A safe town centre is important to one and all.

I was recently out on patrol with the Police to review the current state of the town centre. My colleague, Councillor John Cook who covers Community Safety, and I walked round with Superintendent Andy Martin (Ipswich area commander) and Inspector Nicola Turner (Ipswich Central commander).

We started outside the Town Hall, where we met two Police Community Support Officers (PCSOs).

The PCSOs provide a high visibility presence, tackle anti-social behaviour and deal with minor offences.

These officers are funded by a grant that Ipswich Borough Council (IBC) has received.

I do see them around, in fact last time I was in the town centre I saw two PCSOs with two Street Rangers and two uniformed constables dealing with an issue on the Cornhill.

We started in the area between McDonald’s on Tavern Street and St Lawrence church.

IBC has done work around St Lawrence church to clear vegetation and fit cameras. This has improved the area, which has had problems due to anti-social behaviour and drug usage.

The businesses around the churchyard have noticed a considerable reduction in anti-social behaviour and are satisfied with how things are progressing.

A lot of work has been done in this area by the police ‘Kestrel’ team, which is based at Princes Street.

The kestrel name reflects the way they work –hovering around the hotspots in the town centre and pouncing on those causing the trouble.

The area is a lot quieter in the evenings due to their efforts, reducing the impact of the various groups that used to hang around in that area. Apparently, the police team go into McDonald’s and chase out people who are not eating!

We moved to the Cattle Market bus station, where there has been some anti-social behaviour recently. There are concrete block seats at the far end, outside of CCTV range, which attract anti-social behaviour.

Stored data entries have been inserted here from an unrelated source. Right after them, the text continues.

(* Let $\mathscr{H}$ be a complex Hilbert space, $N(\cdot)$ a norm on $\mathbb{B}(\mathscr{H})$, and $T\in\mathbb{B}(\mathscr{H})$. Then $$\frac12\max\{w_N(T+T^* ),w_N(T-T^* )\}\leq w_N(T)\leq\frac12\sqrt{w_N^2(T+T^* )+w_N^2(T-T^* )}.$$
   Context: For $T\in\mathbb{B}(\mathscr{H})$: $\Re(T)=\frac12(T+T^* )$ and $w_N(T)=\sup_{\theta\in\mathbb{R}}N(\Re(e^{i\theta}T))$. *)

theory Defs
  imports "HOL-Analysis.Analysis"
begin

text \<open>HOL-Analysis only provides real inner product spaces, so we introduce complex
ones.  The inner product is linear in the second argument and conjugate-linear in the
first; the (real) norm of the underlying normed space is the one induced by it.\<close>

class complex_inner = real_normed_vector +
  fixes scaleC :: "complex \<Rightarrow> 'a \<Rightarrow> 'a"
  fixes cinner :: "'a \<Rightarrow> 'a \<Rightarrow> complex"
  assumes scaleC_add_right: "scaleC a (x + y) = scaleC a x + scaleC a y"
    and scaleC_add_left: "scaleC (a + b) x = scaleC a x + scaleC b x"
    and scaleC_scaleC: "scaleC a (scaleC b x) = scaleC (a * b) x"
    and scaleC_one: "scaleC 1 x = x"
    and scaleC_of_real: "scaleC (complex_of_real r) x = r *\<^sub>R x"
    and cinner_conj: "cinner x y = cnj (cinner y x)"
    and cinner_add_right: "cinner x (y + z) = cinner x y + cinner x z"
    and cinner_scaleC_right: "cinner x (scaleC a y) = a * cinner x y"
    and cinner_self_norm: "cinner x x = complex_of_real ((norm x)\<^sup>2)"

class complex_hilbert = complex_inner + complete_space

text \<open>Consistency check: the complex numbers form a complex Hilbert space.\<close>

instantiation complex :: complex_inner
begin
definition scaleC_complex :: "complex \<Rightarrow> complex \<Rightarrow> complex" where
  "scaleC_complex a x = a * x"
definition cinner_complex :: "complex \<Rightarrow> complex \<Rightarrow> complex" where
  "cinner_complex x y = cnj x * y"
instance
proof
  fix a b :: complex and x y z :: complex and r :: real
  show "scaleC a (x + y) = scaleC a x + scaleC a y" by (simp add: scaleC_complex_def distrib_left)
  show "scaleC (a + b) x = scaleC a x + scaleC b x" by (simp add: scaleC_complex_def distrib_right)
  show "scaleC a (scaleC b x) = scaleC (a * b) x" by (simp add: scaleC_complex_def mult.assoc)
  show "scaleC 1 x = x" by (simp add: scaleC_complex_def)
  show "scaleC (complex_of_real r) x = r *\<^sub>R x" by (simp add: scaleC_complex_def scaleR_conv_of_real)
  show "cinner x y = cnj (cinner y x)" by (simp add: cinner_complex_def mult.commute)
  show "cinner x (y + z) = cinner x y + cinner x z" by (simp add: cinner_complex_def distrib_left)
  show "cinner x (scaleC a y) = a * cinner x y" by (simp add: cinner_complex_def scaleC_complex_def mult.left_commute)
  show "cinner x x = complex_of_real ((norm x)\<^sup>2)" by (simp add: cinner_complex_def complex_norm_square mult.commute del: of_real_power)
qed
end

instance complex :: complex_hilbert ..

definition bounded_op :: "('a::complex_inner \<Rightarrow> 'a) \<Rightarrow> bool" where
  "bounded_op T \<longleftrightarrow> bounded_linear T \<and> (\<forall>c x. T (scaleC c x) = scaleC c (T x))"

definition adj :: "('a::complex_inner \<Rightarrow> 'a) \<Rightarrow> ('a \<Rightarrow> 'a)" where
  "adj T = (THE S. \<forall>x y. cinner (T x) y = cinner x (S y))"

definition re_op :: "('a::complex_inner \<Rightarrow> 'a) \<Rightarrow> ('a \<Rightarrow> 'a)" where
  "re_op T = (\<lambda>x. scaleC (1/2) (T x + adj T x))"

definition is_norm_on_BH :: "(('a::complex_inner \<Rightarrow> 'a) \<Rightarrow> real) \<Rightarrow> bool" where
  "is_norm_on_BH N \<longleftrightarrow>
     (\<forall>A. bounded_op A \<longrightarrow> 0 \<le> N A) \<and>
     (\<forall>A. bounded_op A \<longrightarrow> (N A = 0 \<longleftrightarrow> A = (\<lambda>x. 0))) \<and>
     (\<forall>A B. bounded_op A \<longrightarrow> bounded_op B \<longrightarrow> N (\<lambda>x. A x + B x) \<le> N A + N B) \<and>
     (\<forall>c A. bounded_op A \<longrightarrow> N (\<lambda>x. scaleC c (A x)) = cmod c * N A)"

definition wN :: "(('a::complex_inner \<Rightarrow> 'a) \<Rightarrow> real) \<Rightarrow> ('a \<Rightarrow> 'a) \<Rightarrow> real" where
  "wN N T = (SUP \<theta>::real. N (re_op (\<lambda>x. scaleC (exp (\<i> * complex_of_real \<theta>)) (T x))))"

Sure enough, a group of street drinkers were there.

Inspector Turner was straight on the radio which resulted in two PCSOs and a police car arriving promptly. Councillor Cook and his IBC team have now managed to have those blocks removed.

We moved to Maple Park. On the way up Norwich Road, there was a discussion on the multi-cultural nature of the area.

The point was made that there were problems with the Polish community about ten years ago – mainly about drinking.

However, there were few police issues now. Perhaps new communities take a while to settle in?

IBC has invested in a new playpark, CCTV and other community improvements in the Maple Park area.

We spotted trees that had a lot of low-level growth, which needs clearing to help people feel safe, and this has been passed on to IBC Parks for pruning.

It was quiet when we were there, but I know the playpark is well used outside of school hours.

The improved police presence, with co-operation from IBC and funding from the Safer Streets programmes has made a difference.

May 2023 saw half the number of violent offences than October last year and a third lower than the previous May. Overall crime in Ipswich Central is down 28% year-on-year.

Superintendent Martin said that improving the perception and safety of Ipswich has always been a priority for him.

He is also keen to stress that it's not the police’s job to tell people Ipswich is safe, but to show them Ipswich is safe.

More police officers are working in the town centre, there is more CCTV and crime is being designed out.

I hope that my experience shows that Ipswich isn’t a no-go zone.